I just finished building an earth (mud,adobe,cob,whatever you wish to call
it) oven in my backyard. I am unfamiliar with swedish oven design per se
and I have learned quite a bit about the different types of ovens. The
earth oven can be built any size you want, although the standard size is a
27 in hearth floor of firebrick. There is a wonderful book called Build
Your Own Earth Oven by Kiko Denzer which I used and that is available
online. I got mine from Amazon.com and you can see more about this oven at
http://www.intabas.com/kikodenzer.html
It is an environmentally friendly way of building and baking if you choose
to build it that way and can be quite inexpensive to build if you can
scrounge up the materials in you neighborhood (soil, rubble, sand, rocks is
pretty much all you need).
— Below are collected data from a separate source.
text \<open>Such a value c gives the one-sided bound on all of W + span z, by homogeneity.\<close>
lemma extension_value_bound:
  fixes \<phi> :: "'a::real_normed_vector \<Rightarrow>\<^sub>L real"
  assumes W: "subspace W" and bd: "\<forall>w\<in>W. \<bar>\<phi> w\<bar> \<le> M * norm w"
    and c: "\<forall>w\<in>W. \<phi> w - M * norm (w - z) \<le> c \<and> c \<le> M * norm (w + z) - \<phi> w"
    and w: "w \<in> W"
  shows "\<phi> w + t * c \<le> M * norm (w + t *\<^sub>R z)"
proof (cases t "0::real" rule: linorder_cases)
  case less
  define s where "s = - t"
  have s: "s > 0"
    using less s_def by simp
  have "(1 / s) *\<^sub>R w \<in> W"
    using W w by (simp add: subspace_scale)
  then have "s * (\<phi> ((1 / s) *\<^sub>R w) - M * norm ((1 / s) *\<^sub>R w - z)) \<le> s * c"
    using c s by (simp add: mult_left_mono)
  also have "s * (\<phi> ((1 / s) *\<^sub>R w) - M * norm ((1 / s) *\<^sub>R w - z)) = \<phi> w - M * norm (s *\<^sub>R ((1 / s) *\<^sub>R w - z))"
    using s by (simp add: blinfun.scaleR_right right_diff_distrib)
  also have "s *\<^sub>R ((1 / s) *\<^sub>R w - z) = w + t *\<^sub>R z"
    using s by (simp add: s_def algebra_simps)
  finally show ?thesis
    by (simp add: s_def)
next
  case equal
  then show ?thesis
    using bd w by (simp add: abs_le_iff)
next
  case greater
  have "(1 / t) *\<^sub>R w \<in> W"
    using W w by (simp add: subspace_scale)
  then have "t * c \<le> t * (M * norm ((1 / t) *\<^sub>R w + z) - \<phi> ((1 / t) *\<^sub>R w))"
    using c greater by (simp add: mult_left_mono)
  also have "\<dots> = M * norm (t *\<^sub>R ((1 / t) *\<^sub>R w + z)) - \<phi> w"
    using greater by (simp add: blinfun.scaleR_right right_diff_distrib)
  also have "t *\<^sub>R ((1 / t) *\<^sub>R w + z) = w + t *\<^sub>R z"
    using greater by (simp add: algebra_simps)
  finally show ?thesis
    by simp
qed

lemma extension_one_step:
  fixes \<phi> \<psi> :: "'a::real_normed_vector \<Rightarrow>\<^sub>L real"
  assumes W: "subspace W" and bd: "\<forall>w\<in>W. \<bar>\<phi> w\<bar> \<le> M * norm w" and M: "M \<ge> 0"
    and van: "\<forall>w\<in>W. \<psi> w = 0" and z: "\<psi> z = 1"
  shows "\<exists>b. \<forall>x\<in>span (insert z W). \<bar>\<phi> x + b * \<psi> x\<bar> \<le> M * norm x"
proof -
  obtain c where c: "\<forall>w\<in>W. \<phi> w - M * norm (w - z) \<le> c \<and> c \<le> M * norm (w + z) - \<phi> w"
    using extension_value_interval[OF W bd M] by blast
  show ?thesis
  proof (intro exI ballI)
    fix x assume "x \<in> span (insert z W)"
    then obtain t where "x - t *\<^sub>R z \<in> W"
      unfolding span_breakdown_eq using W span_eq_iff by blast
    then obtain w where w: "w \<in> W" and x: "x = w + t *\<^sub>R z"
      by (metis add.commute diff_add_cancel)
    have at_x: "\<phi> x + (c - \<phi> z) * \<psi> x = \<phi> w + t * c"
      using van w z unfolding x by (simp add: blinfun.add_right blinfun.scaleR_right algebra_simps)
    have upper: "\<phi> w + t * c \<le> M * norm x"
      unfolding x by (rule extension_value_bound[OF W bd c w])
    have "\<phi> (- w) + (- t) * c \<le> M * norm (- w + (- t) *\<^sub>R z)"
      using W w by (intro extension_value_bound[OF W bd c]) (simp add: subspace_neg)
    also have "- w + (- t) *\<^sub>R z = - x"
      unfolding x by simp
    finally have lower: "- (\<phi> w + t * c) \<le> M * norm x"
      by (simp add: blinfun.minus_right)
    show "\<bar>\<phi> x + (c - \<phi> z) * \<psi> x\<bar> \<le> M * norm x"
      using at_x upper lower by linarith
  qed
qed

lemma biorthogonal_norm_preserving_extension:
  fixes e :: "'i \<Rightarrow> 'a::real_normed_vector" and estar :: "'i \<Rightarrow> ('a \<Rightarrow>\<^sub>L real)"
    and \<phi> :: "'a \<Rightarrow>\<^sub>L real"
  assumes bi: "biorthogonal e estar I" and fin: "finite I" and A: "A \<subseteq> I" and M: "M \<ge> 0"
    and bd: "\<forall>x\<in>span (e ` A). \<bar>\<phi> x\<bar> \<le> M * norm x"
  shows "\<exists>G::'a \<Rightarrow>\<^sub>L real. (\<forall>x\<in>span (e ` I). \<bar>G x\<bar> \<le> M * norm x) \<and> (\<forall>i\<in>A. G (e i) = \<phi> (e i))"
proof -
  have "finite B \<Longrightarrow> B \<subseteq> I - A \<Longrightarrow>
    \<exists>G::'a \<Rightarrow>\<^sub>L real. (\<forall>x\<in>span (e ` (A \<union> B)). \<bar>G x\<bar> \<le> M * norm x) \<and> (\<forall>i\<in>A. G (e i) = \<phi> (e i))" for B
  proof (induction B rule: finite_induct)
    case empty
    then show ?case
      using bd by auto
  next
    case (insert b B)
    then obtain G :: "'a \<Rightarrow>\<^sub>L real" where G_bd: "\<forall>x\<in>span (e ` (A \<union> B)). \<bar>G x\<bar> \<le> M * norm x"
      and G_A: "\<forall>i\<in>A. G (e i) = \<phi> (e i)"
      by auto
    have b: "b \<in> I" "b \<notin> A \<union> B" "A \<union> B \<subseteq> I"
      using insert A by auto
    have off_b: "estar b (e i) = 0" if "i \<in> A \<union> B" for i
      using bi b that unfolding biorthogonal_def by (metis subsetD)
    then have van: "\<forall>w\<in>span (e ` (A \<union> B)). estar b w = 0"
      using linear_eq_0_on_span[OF bounded_linear.linear[OF blinfun.bounded_linear_right]] by blast
    have one: "estar b (e b) = 1"
      using bi b unfolding biorthogonal_def by simp
    obtain \<beta> where \<beta>: "\<forall>x\<in>span (insert (e b) (span (e ` (A \<union> B)))).
        \<bar>G x + \<beta> * estar b x\<bar> \<le> M * norm x"
      using extension_one_step[OF subspace_span G_bd M van one] by blast
    have "span (e ` (A \<union> insert b B)) \<subseteq> span (insert (e b) (span (e ` (A \<union> B))))"
      by (intro span_mono) (auto intro: span_base)
    then have "\<forall>x\<in>span (e ` (A \<union> insert b B)). \<bar>(G + \<beta> *\<^sub>R estar b) x\<bar> \<le> M * norm x"
      using \<beta> by (auto simp: blinfun.add_left blinfun.scaleR_left)
    moreover have "\<forall>i\<in>A. (G + \<beta> *\<^sub>R estar b) (e i) = \<phi> (e i)"
      using G_A off_b
      by (simp add: blinfun.add_left blinfun.scaleR_left)
    ultimately show ?case
      by blast
  qed
  from this[of "I - A"] show ?thesis
    using fin A by (simp add: Un_absorb1)
qed

text \<open>Admissible constants of a family with a nonzero member are at least 1
  (take a single nonzero coefficient and all signs +1).\<close>
lemma ubc_const_ge_one:
  fixes f :: "'i \<Rightarrow> 'b::real_normed_vector"
  assumes K: "ubc_const f A K" and fin: "finite A" and i: "i \<in> A" and nz: "f i \<noteq> 0"
  shows "1 \<le> K"
proof -
  have unit: "(\<Sum>j\<in>A. (if j = i then 1 else 0) *\<^sub>R f j) = f i"
    using fin i by (simp add: if_distrib[of "\<lambda>c. c *\<^sub>R _"] cong: if_cong)
  have "norm (f i) \<le> K * norm (f i)"
    using K[unfolded ubc_const_def, rule_format, of "\<lambda>_. 1" "\<lambda>j. if j = i then 1 else 0"] unit
    by simp
  then show ?thesis
    using nz by simp
qed

text \<open>The functionals of a finite biorthogonal system have some admissible constant,
  so their unconditional basis constant is an infimum over a nonempty set.\<close>
lemma biorthogonal_ubc_const_exists:
  fixes e :: "'i \<Rightarrow> 'a::real_normed_vector" and estar :: "'i \<Rightarrow> ('a \<Rightarrow>\<^sub>L real)"
  assumes bi: "biorthogonal e estar I" and fin: "finite I"
  shows "ubc_const estar I (\<Sum>k\<in>I. norm (e k) * norm (estar k))"
  unfolding ubc_const_def
proof (intro allI impI)
  fix a \<epsilon> :: "'i \<Rightarrow> real"
  assume signs: "\<forall>j\<in>I. \<epsilon> j = 1 \<or> \<epsilon> j = -1"
  define F where "F = (\<Sum>j\<in>I. a j *\<^sub>R estar j)"
  have coeff: "\<bar>a k\<bar> \<le> norm F * norm (e k)" if "k \<in> I" for k
  proof -
    have "a k = F (e k)"
      unfolding F_def using biorthogonal_dual_coeff[OF bi fin that] by simp
    then show ?thesis
      using norm_blinfun[of F "e k"] by simp
  qed
  have "norm (\<Sum>j\<in>I. (\<epsilon> j * a j) *\<^sub>R estar j) \<le> (\<Sum>j\<in>I. \<bar>a j\<bar> * norm (estar j))"
    using signs by (intro order_trans[OF norm_sum] sum_mono) (auto simp: abs_mult)
  also have "\<dots> \<le> (\<Sum>j\<in>I. norm F * (norm (e j) * norm (estar j)))"
    using coeff by (intro sum_mono) (simp add: mult_right_mono flip: mult.assoc)
  finally show "norm (\<Sum>j\<in>I. (\<epsilon> j * a j) *\<^sub>R estar j) \<le> (\<Sum>k\<in>I. norm (e k) * norm (estar k)) * norm F"
    by (simp add: sum_distrib_left mult.commute)
qed

text \<open>Averaging identity: if g agrees with G on e(P) and vanishes on the remaining
  e(i), then 2g - G is G with the coordinates outside P sign-flipped, hence
  2 norm g <= norm (2g - G) + norm G <= (K + 1) norm G.\<close>
lemma sign_averaging_bound:
  fixes e :: "'i \<Rightarrow> 'a::real_normed_vector" and estar :: "'i \<Rightarrow> ('a \<Rightarrow>\<^sub>L real)"
    and g G :: "'a \<Rightarrow>\<^sub>L real"
  assumes bi: "biorthogonal e estar I" and fin: "finite I" and spans: "span (e ` I) = UNIV"
    and K: "ubc_const estar I K"
    and agree: "\<forall>i\<in>P. g (e i) = G (e i)" and vanish: "\<forall>i\<in>I - P. g (e i) = 0"
  shows "2 * norm g \<le> (K + 1) * norm G"
proof -
  define \<delta> where "\<delta> i = (if i \<in> P then 1 else -1 :: real)" for i
  have G_exp: "G = (\<Sum>i\<in>I. G (e i) *\<^sub>R estar i)"
    by (rule dual_expansion[OF bi fin spans])
  have "2 *\<^sub>R g - G = (\<Sum>i\<in>I. (2 *\<^sub>R g - G) (e i) *\<^sub>R estar i)"
    by (rule dual_expansion[OF bi fin spans])
  also have "\<dots> = (\<Sum>i\<in>I. (\<delta> i * G (e i)) *\<^sub>R estar i)"
    using agree vanish by (intro sum.cong) (auto simp: \<delta>_def blinfun.diff_left blinfun.scaleR_left)
  finally have "norm (2 *\<^sub>R g - G) \<le> K * norm G"
    using K[unfolded ubc_const_def, rule_format, of \<delta> "\<lambda>i. G (e i)"] G_exp
    by (simp add: \<delta>_def)
  then have "norm (2 *\<^sub>R g) \<le> K * norm G + norm G"
    using norm_triangle_ineq[of "2 *\<^sub>R g - G" G] by simp
  then show ?thesis
    by (simp add: algebra_simps)
qed

text \<open>The sign-changed
  odd combination g is bounded by norm f on the odd span (skipped
  unconditionality), extends to G with norm G <= norm f, and the averaging
  bound finishes.\<close>
lemma odd_subfamily_constant:
  fixes e :: "nat \<Rightarrow> 'a::real_normed_vector" and estar :: "nat \<Rightarrow> ('a \<Rightarrow>\<^sub>L real)"
  assumes skipped: "skipped_unconditional 1 e (2*N+1)" and bi: "biorthogonal e estar {1..2*N+1}"
    and spans: "span (e ` {1..2*N+1}) = UNIV" and K: "ubc_const estar {1..2*N+1} K"
  shows "ubc_const (\<lambda>j. estar (2*j - 1)) {1..N+1} ((K + 1) / 2)"
  unfolding ubc_const_def
proof (intro allI impI)
  fix a \<epsilon> :: "nat \<Rightarrow> real"
  assume signs: "\<forall>j\<in>{1..N+1}. \<epsilon> j = 1 \<or> \<epsilon> j = -1"
  define f where "f = (\<Sum>j\<in>{1..N+1}. a j *\<^sub>R estar (2*j - 1))"
  define g where "g = (\<Sum>j\<in>{1..N+1}. (\<epsilon> j * a j) *\<^sub>R estar (2*j - 1))"
  define Od where "Od = (\<lambda>j. 2*j - 1) ` {1..N+1::nat}"
  have Od_sub: "Od \<subseteq> {1..2*N+1}"
    by (auto simp: Od_def)
  have odd_bd: "\<forall>y\<in>span (e ` Od). \<bar>g y\<bar> \<le> norm f * norm y"
    unfolding f_def g_def Od_def using skipped_odd_dual_bound[OF skipped bi signs] by blast
  obtain G :: "'a \<Rightarrow>\<^sub>L real" where G_bd: "\<forall>x\<in>span (e ` {1..2*N+1}). \<bar>G x\<bar> \<le> norm f * norm x"
    and agree: "\<forall>i\<in>Od. G (e i) = g (e i)"
    using biorthogonal_norm_preserving_extension[OF bi _ Od_sub norm_ge_zero odd_bd] by auto
  have G_norm: "norm G \<le> norm f"
    using G_bd spans by (intro norm_blinfun_bound) auto
  have vanish: "\<forall>i\<in>{1..2*N+1} - Od. g (e i) = 0"
  proof
    fix i assume i: "i \<in> {1..2*N+1} - Od"
    have "estar (2*j - 1) (e i) = 0" if j: "j \<in> {1..N+1}" for j
    proof -
      have "2*j - 1 \<in> {1..2*N+1}" "2*j - 1 \<noteq> i"
        using i j by (auto simp: Od_def)
      then show ?thesis
        using bi i by (simp add: biorthogonal_def)
    qed
    then show "g (e i) = 0"
      unfolding g_def blinfun.sum_left by (intro sum.neutral) (simp add: blinfun.scaleR_left)
  qed
  have "1 \<le> K"
    using ubc_const_ge_one[OF K _ _ biorthogonal_nonzero[OF bi, of 1]] by simp
  have "2 * norm g \<le> (K + 1) * norm G"
    by (rule sign_averaging_bound[OF bi _ spans K]) (use agree vanish in auto)
  also have "\<dots> \<le> (K + 1) * norm f"
    using G_norm \<open>1 \<le> K\<close> by (simp add: mult_left_mono)
  finally show "norm (\<Sum>j\<in>{1..N+1}. (\<epsilon> j * a j) *\<^sub>R estar (2*j - 1)) \<le> (K + 1) / 2 * norm (\<Sum>j\<in>{1..N+1}. a j *\<^sub>R estar (2*j - 1))"
    unfolding f_def g_def by simp
qed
Mine cost less than $500 and was easy to build
and $350 of it was for nice stones for the foundation. I chose this oven
over all brick for space issues. Plus the earth oven is an all out group
and family affair (kids love the mud!) although I did mine mostly alone
with some help from toddlers and friends. You could easily build a basic
oven in a day!
If you want a more involved project - still entirely in the realm of the
novice - is a true all brick oven which is outlined in the book The Bread
Builders, written by Alan Scott and Dan Wing. Scott is the oven master and
has his own site at www.ovencrafters.net Plans for this oven are in the
book which is a serious treatise on bread baking - no recipes though.
There is also a great group on yahoo! called brick-oven which you can
peruse and join. There is a ton of info, mostly on the brick ovens
designed by Alan Scott but there is adobe oven talk there as well. Kiko
Denzer answers questions about his oven there as well. He is very
approachable and a good person.
I think you can bake any bread you want in either of these wood fired
ovens, even flatbread varieties.
Good luck - if you decide to build an oven, have fun and prepare for
everyone you know to be in awe of you!